Member of the Idaho House of Representatives from District 18 Position B
- In office December 1, 2006 – December 1, 2018
- Preceded by: Julie Ellsworth
- Succeeded by: Brooke Green

Personal details
- Born: May 8, 1946 (age 80) Ogden, Utah
- Party: Democratic
- Education: Colorado State University
- Profession: Commercial photographer
- Website: king4idaho.com

= Phylis King =

American politician from Idaho

Phylis K. King (born May 8, 1946, in Ogden, Utah) is a Democratic Idaho State Representative since 2006 representing District 18 Seat B.

==Education==
King graduated from Grand Junction High School and earned her bachelor's degree in microbiology from Colorado State University.

==Elections==
On September 6, 2017, King announced that she will retire after the 2018 session of the Idaho Legislature. Earlier that year, she encouraged Tommy Ahlquist to run as a Democrat for governor in a public letter.

=== 2016 ===
King was unopposed for both the Democratic primary and the general election.

=== 2014 ===
Unopposed for the Democratic primary. King defeated Domenico Gelsomino with 63.8% of the vote.

=== 2012 ===
Unopposed for the Democratic primary. King defeated Brad R. Bolicek with 56.2% of the vote.

=== 2010 ===
Unopposed for the Democratic primary. King won the general election with 6,886 votes (53.8%) against Trevor Grigg (R).

=== 2008 ===
Unopposed for the Democratic primary.
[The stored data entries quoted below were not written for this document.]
lemma greedy_large_neighbourhood:
  assumes F: "F \<subseteq> {..<a} \<times> {..<n}" and spread: "spread a n \<alpha> \<delta> (\<lambda>x. F `` {x})"
    and X: "X \<subseteq> {..<a}" "\<alpha> * \<delta> * real a / 2 \<le> real (card X)"
    and degree: "\<And>x. x \<in> X \<Longrightarrow> \<alpha> * \<delta> * real n / 2 \<le> real (card (F `` {x}))"
  shows "\<exists>A'\<subseteq>X. card A' \<le> j \<and>
    (\<delta> * real n / 16 \<le> real (card (F `` A')) \<or> real j * (\<alpha> * \<delta> * real n / 4) \<le> real (card (F `` A')))"
proof (induction j)
  case 0
  show ?case by (intro exI[of _ "{}"]) simp
next
  case (Suc j)
  then obtain A' where A': "A' \<subseteq> X" "card A' \<le> j" and
    large: "\<delta> * real n / 16 \<le> real (card (F `` A')) \<or> real j * (\<alpha> * \<delta> * real n / 4) \<le> real (card (F `` A'))"
    by blast
  define U where "U = F `` A'"
  have finite_row: "finite (F `` {x})" for x
    using finite_subset[OF Image_subset[OF F]] by simp
  have "U \<subseteq> {..<n}" unfolding U_def using F by blast
  then have "finite U" using finite_subset by blast
  show ?case
  proof (cases "\<delta> * real n / 16 \<le> real (card U)")
    case True
    then show ?thesis using A' unfolding U_def by (intro exI[of _ A']) auto
  next
    case False
    with large have U_grows: "real j * (\<alpha> * \<delta> * real n / 4) \<le> real (card U)" unfolding U_def by simp
    let ?heavy = "{x\<in>{..<a}. \<alpha> * \<delta> * real n / 4 \<le> real (card (F `` {x} \<inter> U))}"
    have "real (card ?heavy) < \<alpha> * \<delta> * real a / 2"
      using spread[unfolded spread_def, rule_format, OF \<open>U \<subseteq> {..<n}\<close>] False by simp
    then have "\<not> X \<subseteq> ?heavy" using X(2) card_mono[of ?heavy X] by fastforce
    then obtain x where "x \<in> X" "x \<notin> ?heavy" by blast
    then have x: "x \<in> X" "real (card (F `` {x} \<inter> U)) < \<alpha> * \<delta> * real n / 4"
      using X(1) by auto
    have "card (F `` {x} - U) = card (F `` {x}) - card (F `` {x} \<inter> U)"
      using finite_row by (intro card_Diff_subset_Int) simp
    moreover have "card (F `` {x} \<inter> U) \<le> card (F `` {x})"
      using finite_row by (intro card_mono) auto
    ultimately have new: "\<alpha> * \<delta> * real n / 4 \<le> real (card (F `` {x} - U))"
      using degree[OF x(1)] x(2) by (simp add: of_nat_diff)
    have "card (U \<union> (F `` {x} - U)) = card U + card (F `` {x} - U)"
      using \<open>finite U\<close> finite_row by (intro card_Un_disjoint) auto
    moreover have "F `` insert x A' = U \<union> (F `` {x} - U)" unfolding U_def by auto
    ultimately have "card (F `` insert x A') = card U + card (F `` {x} - U)" by simp
    then have "real (Suc j) * (\<alpha> * \<delta> * real n / 4) \<le> real (card (F `` insert x A'))"
      using U_grows new by (simp add: algebra_simps)
    moreover have "card (insert x A') \<le> Suc j"
      using A' finite_subset[OF _ finite_lessThan[of a]] X(1) by (simp add: card_insert_if)
    ultimately show ?thesis using x(1) A'(1) by (intro exI[of _ "insert x A'"]) auto
  qed
qed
King won the three-part general election with 9,564 votes (50.9%) against Republican nominee Becky Young and Libertarian nominee James Oyler.

=== 2006 ===
Unopposed for the Democratic primary, King won with 940 votes. King won the general election with 7,240 votes (52.53%) against Julie Ellsworth. Ellsworth later returned to the Idaho House of Representatives in the District 18 A seat, with the two serving together.

=== 2004 ===
King won the May 25, 2004, Democratic primary with 493 votes (53.82%) against Cara Walker. Turnout increased by over 4,000 but King lost to Ellsworth in the November 2, 2004, general election.

=== 2002 ===
Unopposed for the Democratic primary. King lost the general election to incumbent Republican Representative Julie Ellsworth.